Start of Material supplied
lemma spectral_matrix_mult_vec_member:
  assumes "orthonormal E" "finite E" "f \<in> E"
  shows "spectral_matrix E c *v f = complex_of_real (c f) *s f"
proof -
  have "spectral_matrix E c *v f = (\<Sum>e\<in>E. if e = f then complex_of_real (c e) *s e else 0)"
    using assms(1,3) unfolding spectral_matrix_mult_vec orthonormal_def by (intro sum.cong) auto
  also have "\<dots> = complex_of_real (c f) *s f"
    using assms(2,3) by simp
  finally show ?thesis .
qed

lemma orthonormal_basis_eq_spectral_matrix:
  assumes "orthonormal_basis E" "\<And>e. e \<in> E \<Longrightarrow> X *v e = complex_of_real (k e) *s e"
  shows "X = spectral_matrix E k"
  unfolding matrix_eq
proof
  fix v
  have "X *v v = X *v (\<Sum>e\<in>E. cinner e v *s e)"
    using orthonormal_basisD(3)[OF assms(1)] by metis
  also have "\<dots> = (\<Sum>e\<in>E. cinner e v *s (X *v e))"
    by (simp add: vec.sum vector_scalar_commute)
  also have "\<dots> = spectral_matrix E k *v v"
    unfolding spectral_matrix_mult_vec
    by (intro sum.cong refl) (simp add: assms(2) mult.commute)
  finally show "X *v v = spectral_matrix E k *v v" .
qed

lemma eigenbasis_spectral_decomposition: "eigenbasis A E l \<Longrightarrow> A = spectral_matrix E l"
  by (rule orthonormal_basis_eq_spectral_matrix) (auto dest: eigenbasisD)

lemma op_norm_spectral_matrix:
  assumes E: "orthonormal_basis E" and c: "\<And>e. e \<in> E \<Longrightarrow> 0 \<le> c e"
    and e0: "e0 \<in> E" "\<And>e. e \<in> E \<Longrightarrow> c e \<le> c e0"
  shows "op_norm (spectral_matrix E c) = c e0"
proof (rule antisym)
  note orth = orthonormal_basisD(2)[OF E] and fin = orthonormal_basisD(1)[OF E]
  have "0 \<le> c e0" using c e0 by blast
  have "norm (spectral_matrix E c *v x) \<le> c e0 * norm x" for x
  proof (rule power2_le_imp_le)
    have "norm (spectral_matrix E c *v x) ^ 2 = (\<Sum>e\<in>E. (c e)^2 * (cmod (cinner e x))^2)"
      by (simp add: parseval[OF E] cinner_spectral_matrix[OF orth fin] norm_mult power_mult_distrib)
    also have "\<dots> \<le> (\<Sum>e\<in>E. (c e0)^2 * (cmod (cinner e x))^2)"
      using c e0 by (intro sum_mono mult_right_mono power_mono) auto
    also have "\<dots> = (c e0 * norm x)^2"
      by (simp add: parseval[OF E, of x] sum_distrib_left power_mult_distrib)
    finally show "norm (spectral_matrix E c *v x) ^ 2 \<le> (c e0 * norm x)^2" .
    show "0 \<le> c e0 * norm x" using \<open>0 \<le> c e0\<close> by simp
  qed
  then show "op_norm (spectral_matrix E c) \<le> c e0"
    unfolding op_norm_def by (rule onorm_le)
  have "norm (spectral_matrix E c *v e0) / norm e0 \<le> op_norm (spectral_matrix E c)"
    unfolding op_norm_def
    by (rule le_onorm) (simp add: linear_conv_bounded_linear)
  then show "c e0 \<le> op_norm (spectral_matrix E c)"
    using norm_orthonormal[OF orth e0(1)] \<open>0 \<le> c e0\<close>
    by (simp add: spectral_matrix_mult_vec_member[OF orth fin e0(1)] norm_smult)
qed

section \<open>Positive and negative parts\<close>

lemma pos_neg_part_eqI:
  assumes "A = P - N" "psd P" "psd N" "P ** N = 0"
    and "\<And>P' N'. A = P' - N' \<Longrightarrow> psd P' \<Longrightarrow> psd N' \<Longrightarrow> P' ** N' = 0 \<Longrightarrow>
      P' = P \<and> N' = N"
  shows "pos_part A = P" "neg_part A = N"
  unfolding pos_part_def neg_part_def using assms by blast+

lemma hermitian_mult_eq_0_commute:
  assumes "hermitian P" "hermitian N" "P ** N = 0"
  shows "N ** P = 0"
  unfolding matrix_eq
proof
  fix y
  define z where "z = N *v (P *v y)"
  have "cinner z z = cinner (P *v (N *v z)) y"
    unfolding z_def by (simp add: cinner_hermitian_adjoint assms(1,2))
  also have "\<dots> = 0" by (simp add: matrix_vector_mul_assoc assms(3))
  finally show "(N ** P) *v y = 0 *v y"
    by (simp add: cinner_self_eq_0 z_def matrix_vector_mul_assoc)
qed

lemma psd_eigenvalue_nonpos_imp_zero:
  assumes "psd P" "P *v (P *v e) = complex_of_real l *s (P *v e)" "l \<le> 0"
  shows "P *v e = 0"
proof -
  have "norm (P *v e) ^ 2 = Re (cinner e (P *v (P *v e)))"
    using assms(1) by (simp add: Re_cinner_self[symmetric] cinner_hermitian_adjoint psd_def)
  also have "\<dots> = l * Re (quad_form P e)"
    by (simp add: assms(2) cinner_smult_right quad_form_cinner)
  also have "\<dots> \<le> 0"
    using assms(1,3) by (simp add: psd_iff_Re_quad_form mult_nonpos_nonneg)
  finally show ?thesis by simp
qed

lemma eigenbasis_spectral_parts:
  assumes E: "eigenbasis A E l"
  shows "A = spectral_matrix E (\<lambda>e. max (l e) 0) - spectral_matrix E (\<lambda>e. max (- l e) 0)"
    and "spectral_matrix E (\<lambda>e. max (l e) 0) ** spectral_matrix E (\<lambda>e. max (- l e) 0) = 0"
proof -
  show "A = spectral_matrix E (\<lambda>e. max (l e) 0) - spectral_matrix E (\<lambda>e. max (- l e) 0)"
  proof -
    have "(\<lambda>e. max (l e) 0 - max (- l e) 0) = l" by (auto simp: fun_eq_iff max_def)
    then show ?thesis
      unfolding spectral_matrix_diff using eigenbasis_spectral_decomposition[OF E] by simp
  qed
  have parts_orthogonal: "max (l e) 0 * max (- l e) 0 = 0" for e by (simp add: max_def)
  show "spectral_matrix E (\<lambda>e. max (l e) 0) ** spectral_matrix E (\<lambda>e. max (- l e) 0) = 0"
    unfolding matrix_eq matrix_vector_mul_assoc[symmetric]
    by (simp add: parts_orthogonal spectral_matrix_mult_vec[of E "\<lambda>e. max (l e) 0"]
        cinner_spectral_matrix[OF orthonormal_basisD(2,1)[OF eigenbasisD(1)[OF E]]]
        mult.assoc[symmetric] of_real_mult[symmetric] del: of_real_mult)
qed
End of Material supplied
Start of Material supplied
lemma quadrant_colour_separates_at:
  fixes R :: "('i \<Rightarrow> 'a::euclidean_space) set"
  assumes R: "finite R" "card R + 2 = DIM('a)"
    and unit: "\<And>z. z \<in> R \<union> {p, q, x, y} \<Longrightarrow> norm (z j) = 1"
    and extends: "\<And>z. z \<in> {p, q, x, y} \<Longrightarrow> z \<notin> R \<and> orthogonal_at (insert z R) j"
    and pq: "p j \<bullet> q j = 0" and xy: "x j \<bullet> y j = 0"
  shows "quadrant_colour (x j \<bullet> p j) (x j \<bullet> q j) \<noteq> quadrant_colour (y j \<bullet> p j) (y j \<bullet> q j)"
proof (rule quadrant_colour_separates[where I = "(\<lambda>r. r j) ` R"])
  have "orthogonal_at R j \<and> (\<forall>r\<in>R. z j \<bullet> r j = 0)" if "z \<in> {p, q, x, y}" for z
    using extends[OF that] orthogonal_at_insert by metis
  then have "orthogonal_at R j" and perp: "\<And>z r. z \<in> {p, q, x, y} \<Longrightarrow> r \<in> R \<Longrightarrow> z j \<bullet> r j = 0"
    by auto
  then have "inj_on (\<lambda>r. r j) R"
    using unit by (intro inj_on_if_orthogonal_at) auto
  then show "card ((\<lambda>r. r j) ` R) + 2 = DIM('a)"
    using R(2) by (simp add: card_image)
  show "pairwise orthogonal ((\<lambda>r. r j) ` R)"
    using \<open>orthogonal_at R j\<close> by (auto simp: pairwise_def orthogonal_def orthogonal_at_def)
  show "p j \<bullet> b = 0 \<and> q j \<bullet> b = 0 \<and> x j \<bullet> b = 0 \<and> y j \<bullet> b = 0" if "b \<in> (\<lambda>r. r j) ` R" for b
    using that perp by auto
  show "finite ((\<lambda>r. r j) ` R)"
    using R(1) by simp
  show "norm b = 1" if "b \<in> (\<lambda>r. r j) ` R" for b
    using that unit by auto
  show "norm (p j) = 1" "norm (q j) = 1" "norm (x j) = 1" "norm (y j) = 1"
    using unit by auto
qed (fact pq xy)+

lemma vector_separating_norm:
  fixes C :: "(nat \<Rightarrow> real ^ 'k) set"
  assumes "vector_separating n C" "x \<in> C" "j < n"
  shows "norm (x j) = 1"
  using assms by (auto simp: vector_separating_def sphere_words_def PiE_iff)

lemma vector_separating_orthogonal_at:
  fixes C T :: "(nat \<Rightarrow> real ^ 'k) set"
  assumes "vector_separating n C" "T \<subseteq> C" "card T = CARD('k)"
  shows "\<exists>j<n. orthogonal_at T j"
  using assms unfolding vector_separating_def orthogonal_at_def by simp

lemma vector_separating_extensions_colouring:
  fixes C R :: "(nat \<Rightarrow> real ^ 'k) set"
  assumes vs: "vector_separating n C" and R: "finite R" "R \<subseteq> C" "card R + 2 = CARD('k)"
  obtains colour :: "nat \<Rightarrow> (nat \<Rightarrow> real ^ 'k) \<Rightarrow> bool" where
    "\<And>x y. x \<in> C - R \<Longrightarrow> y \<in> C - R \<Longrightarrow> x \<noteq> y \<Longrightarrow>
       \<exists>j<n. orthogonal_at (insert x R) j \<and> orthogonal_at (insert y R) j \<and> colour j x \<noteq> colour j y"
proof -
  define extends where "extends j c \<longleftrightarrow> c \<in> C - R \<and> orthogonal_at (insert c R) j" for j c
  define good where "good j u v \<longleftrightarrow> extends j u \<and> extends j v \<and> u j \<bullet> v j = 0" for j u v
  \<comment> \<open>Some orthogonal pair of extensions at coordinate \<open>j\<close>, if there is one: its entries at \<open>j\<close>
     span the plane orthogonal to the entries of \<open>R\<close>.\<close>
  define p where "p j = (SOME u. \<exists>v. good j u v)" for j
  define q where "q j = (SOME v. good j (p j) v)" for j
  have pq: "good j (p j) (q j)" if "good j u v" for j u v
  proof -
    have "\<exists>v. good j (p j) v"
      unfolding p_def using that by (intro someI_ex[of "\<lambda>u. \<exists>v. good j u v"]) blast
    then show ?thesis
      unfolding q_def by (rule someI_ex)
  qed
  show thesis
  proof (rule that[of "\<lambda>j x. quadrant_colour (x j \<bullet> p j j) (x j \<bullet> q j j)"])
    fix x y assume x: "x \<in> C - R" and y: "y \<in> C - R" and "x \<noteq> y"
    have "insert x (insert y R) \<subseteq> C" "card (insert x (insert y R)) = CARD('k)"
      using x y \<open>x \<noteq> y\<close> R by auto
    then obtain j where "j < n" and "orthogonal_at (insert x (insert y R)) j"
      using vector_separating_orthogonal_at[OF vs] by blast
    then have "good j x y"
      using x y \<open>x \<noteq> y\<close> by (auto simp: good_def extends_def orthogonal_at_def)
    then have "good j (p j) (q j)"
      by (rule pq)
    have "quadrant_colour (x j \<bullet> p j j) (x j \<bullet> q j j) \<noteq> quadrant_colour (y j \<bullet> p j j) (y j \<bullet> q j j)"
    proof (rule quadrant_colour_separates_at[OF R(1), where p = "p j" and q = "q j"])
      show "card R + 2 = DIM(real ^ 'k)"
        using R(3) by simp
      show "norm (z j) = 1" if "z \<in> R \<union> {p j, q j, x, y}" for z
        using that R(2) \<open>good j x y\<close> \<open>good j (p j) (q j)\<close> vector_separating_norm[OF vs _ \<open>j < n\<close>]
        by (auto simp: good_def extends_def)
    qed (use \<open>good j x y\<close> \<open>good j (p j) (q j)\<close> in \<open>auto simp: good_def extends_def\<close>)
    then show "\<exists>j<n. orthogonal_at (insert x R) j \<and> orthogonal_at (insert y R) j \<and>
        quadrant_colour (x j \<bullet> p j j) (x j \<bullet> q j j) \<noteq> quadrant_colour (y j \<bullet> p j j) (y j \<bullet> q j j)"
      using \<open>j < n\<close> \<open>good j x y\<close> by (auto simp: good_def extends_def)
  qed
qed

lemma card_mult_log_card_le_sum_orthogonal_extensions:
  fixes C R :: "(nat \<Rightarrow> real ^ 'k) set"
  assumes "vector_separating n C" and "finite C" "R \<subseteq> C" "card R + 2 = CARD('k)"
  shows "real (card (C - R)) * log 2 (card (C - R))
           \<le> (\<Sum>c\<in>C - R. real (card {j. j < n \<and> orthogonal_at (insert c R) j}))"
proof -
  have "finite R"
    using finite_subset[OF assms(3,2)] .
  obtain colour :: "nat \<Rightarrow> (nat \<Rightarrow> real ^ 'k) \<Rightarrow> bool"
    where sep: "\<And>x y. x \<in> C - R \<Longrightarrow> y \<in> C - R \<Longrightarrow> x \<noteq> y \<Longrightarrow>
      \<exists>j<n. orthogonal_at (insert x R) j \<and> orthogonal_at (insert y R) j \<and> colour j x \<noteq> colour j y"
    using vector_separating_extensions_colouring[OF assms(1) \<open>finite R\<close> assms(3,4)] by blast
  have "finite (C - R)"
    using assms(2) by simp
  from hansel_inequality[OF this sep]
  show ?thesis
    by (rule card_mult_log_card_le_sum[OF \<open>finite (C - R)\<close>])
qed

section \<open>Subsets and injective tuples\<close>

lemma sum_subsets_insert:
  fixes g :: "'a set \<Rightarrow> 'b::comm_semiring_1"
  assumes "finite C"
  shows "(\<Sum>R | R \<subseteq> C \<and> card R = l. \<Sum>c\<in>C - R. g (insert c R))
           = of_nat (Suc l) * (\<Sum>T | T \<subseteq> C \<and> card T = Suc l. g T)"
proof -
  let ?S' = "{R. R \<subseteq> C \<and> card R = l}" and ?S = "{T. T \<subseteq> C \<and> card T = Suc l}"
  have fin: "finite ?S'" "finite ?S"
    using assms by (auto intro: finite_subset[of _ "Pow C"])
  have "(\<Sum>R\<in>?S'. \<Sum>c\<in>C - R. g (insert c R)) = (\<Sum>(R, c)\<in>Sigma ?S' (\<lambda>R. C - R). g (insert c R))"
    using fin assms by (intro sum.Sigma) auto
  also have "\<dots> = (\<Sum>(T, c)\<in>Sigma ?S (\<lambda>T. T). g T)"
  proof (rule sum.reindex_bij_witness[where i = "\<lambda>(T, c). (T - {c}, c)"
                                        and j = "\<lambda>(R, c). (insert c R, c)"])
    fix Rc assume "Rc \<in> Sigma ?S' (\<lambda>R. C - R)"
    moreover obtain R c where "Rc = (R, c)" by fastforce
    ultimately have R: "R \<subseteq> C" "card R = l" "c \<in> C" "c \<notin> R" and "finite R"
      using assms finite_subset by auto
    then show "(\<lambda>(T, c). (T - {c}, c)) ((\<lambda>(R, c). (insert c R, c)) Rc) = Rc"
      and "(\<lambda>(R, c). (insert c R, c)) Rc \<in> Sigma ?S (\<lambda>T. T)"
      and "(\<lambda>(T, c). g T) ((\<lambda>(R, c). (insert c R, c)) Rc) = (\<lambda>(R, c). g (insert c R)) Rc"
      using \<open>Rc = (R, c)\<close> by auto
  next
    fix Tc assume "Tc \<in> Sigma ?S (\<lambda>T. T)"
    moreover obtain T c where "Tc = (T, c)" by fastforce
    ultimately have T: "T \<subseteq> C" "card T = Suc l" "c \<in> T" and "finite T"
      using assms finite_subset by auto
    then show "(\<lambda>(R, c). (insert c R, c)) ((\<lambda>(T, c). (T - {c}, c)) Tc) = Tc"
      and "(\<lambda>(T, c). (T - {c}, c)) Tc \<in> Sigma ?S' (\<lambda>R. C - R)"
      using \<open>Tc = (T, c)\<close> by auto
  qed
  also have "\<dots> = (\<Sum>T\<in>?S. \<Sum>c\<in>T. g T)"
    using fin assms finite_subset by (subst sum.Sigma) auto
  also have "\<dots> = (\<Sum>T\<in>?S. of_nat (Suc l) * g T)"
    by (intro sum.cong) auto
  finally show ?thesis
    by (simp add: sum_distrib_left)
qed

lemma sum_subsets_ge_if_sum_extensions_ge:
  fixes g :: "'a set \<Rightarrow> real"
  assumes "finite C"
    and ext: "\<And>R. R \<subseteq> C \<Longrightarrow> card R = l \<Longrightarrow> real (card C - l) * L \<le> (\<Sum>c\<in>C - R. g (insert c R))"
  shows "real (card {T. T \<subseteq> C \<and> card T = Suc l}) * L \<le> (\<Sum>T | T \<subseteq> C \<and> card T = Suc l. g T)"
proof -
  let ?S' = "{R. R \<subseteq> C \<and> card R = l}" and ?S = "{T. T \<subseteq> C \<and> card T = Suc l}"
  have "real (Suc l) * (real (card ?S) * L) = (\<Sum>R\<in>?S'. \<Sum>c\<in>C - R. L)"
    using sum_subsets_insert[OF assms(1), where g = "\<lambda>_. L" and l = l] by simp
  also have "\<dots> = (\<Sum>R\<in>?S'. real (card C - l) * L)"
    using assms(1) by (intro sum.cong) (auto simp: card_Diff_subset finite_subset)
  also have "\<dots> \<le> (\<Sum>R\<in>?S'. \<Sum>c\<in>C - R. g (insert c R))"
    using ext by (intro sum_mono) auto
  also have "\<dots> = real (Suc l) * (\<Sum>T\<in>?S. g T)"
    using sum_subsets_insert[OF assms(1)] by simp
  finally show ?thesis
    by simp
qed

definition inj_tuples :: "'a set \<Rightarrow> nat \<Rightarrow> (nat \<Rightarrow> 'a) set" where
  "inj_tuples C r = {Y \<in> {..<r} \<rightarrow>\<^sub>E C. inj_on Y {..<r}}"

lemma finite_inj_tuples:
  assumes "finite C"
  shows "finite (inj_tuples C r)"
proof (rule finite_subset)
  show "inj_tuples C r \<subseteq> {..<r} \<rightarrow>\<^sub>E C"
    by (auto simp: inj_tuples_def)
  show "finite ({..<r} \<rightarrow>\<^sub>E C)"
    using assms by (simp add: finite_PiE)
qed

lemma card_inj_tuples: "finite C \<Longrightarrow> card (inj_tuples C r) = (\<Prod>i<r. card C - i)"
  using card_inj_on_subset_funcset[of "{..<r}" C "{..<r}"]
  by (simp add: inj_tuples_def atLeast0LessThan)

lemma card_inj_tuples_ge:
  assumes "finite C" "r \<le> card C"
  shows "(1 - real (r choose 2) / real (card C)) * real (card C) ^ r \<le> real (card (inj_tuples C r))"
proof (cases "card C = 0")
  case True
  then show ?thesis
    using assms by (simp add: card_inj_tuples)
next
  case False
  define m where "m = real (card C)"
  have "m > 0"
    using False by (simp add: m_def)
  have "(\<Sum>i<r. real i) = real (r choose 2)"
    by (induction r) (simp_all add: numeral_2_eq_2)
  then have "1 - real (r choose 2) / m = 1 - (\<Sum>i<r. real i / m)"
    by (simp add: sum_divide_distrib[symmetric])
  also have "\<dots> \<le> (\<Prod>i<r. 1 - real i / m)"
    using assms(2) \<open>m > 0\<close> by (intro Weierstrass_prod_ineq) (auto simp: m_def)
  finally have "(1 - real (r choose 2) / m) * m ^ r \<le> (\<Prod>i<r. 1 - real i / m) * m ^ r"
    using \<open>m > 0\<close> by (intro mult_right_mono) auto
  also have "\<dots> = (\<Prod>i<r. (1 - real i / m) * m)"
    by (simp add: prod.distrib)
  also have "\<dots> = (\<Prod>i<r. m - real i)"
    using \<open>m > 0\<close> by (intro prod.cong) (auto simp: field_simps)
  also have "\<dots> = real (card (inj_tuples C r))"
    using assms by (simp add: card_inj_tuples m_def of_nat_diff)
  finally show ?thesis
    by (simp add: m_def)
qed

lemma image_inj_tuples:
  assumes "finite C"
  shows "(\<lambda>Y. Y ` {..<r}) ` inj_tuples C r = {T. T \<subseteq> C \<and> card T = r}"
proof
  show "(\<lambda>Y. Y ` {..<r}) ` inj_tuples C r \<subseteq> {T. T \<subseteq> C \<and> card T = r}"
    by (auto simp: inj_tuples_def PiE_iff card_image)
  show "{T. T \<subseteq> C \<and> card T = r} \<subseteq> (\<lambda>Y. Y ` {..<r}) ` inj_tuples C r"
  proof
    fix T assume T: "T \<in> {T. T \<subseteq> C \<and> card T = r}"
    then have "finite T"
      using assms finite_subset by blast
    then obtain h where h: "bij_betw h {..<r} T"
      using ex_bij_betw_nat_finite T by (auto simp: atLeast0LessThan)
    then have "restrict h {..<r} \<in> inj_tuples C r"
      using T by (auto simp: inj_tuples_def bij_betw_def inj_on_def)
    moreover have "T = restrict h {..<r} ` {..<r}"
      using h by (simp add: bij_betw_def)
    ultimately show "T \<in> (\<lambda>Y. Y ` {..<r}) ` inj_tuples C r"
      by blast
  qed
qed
End of Material supplied
Start of Material supplied
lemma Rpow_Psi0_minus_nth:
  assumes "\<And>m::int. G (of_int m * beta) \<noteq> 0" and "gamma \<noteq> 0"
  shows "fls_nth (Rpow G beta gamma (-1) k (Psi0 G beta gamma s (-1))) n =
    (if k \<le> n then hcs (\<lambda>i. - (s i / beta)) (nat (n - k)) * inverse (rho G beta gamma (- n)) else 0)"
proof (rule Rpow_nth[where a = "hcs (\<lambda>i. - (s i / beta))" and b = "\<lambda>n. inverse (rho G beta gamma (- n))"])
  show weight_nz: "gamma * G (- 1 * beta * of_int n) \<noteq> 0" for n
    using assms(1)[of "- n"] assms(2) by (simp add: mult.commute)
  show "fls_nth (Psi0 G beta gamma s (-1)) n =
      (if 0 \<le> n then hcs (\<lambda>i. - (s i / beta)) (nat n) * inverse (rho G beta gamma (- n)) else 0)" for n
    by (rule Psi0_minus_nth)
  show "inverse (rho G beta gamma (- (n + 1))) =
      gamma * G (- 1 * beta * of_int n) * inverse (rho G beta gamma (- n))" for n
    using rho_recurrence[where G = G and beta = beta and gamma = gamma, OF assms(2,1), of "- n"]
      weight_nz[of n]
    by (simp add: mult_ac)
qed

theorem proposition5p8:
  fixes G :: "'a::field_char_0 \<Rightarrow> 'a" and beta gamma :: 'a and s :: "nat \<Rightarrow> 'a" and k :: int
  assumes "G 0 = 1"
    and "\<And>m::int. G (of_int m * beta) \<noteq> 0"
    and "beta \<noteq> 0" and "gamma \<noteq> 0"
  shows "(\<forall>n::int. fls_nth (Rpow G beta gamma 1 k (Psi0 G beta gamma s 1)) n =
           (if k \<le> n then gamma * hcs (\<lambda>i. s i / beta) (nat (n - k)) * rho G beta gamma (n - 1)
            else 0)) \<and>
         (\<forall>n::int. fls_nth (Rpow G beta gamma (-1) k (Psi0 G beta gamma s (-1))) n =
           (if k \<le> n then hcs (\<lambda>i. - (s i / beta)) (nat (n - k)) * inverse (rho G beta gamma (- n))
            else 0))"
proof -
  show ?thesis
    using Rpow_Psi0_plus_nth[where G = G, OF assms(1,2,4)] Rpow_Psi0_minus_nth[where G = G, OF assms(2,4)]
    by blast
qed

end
End of Material supplied
Task: Within the listing above, give again exactly every line from the line with "by (simp add: sum_distrib_left)" through the line with "(real (card ?S)", both included, and no other line.

Output for this task:
    by (simp add: sum_distrib_left)
qed

lemma sum_subsets_ge_if_sum_extensions_ge:
  fixes g :: "'a set \<Rightarrow> real"
  assumes "finite C"
    and ext: "\<And>R. R \<subseteq> C \<Longrightarrow> card R = l \<Longrightarrow> real (card C - l) * L \<le> (\<Sum>c\<in>C - R. g (insert c R))"
  shows "real (card {T. T \<subseteq> C \<and> card T = Suc l}) * L \<le> (\<Sum>T | T \<subseteq> C \<and> card T = Suc l. g T)"
proof -
  let ?S' = "{R. R \<subseteq> C \<and> card R = l}" and ?S = "{T. T \<subseteq> C \<and> card T = Suc l}"
  have "real (Suc l) * (real (card ?S) * L) = (\<Sum>R\<in>?S'. \<Sum>c\<in>C - R. L)"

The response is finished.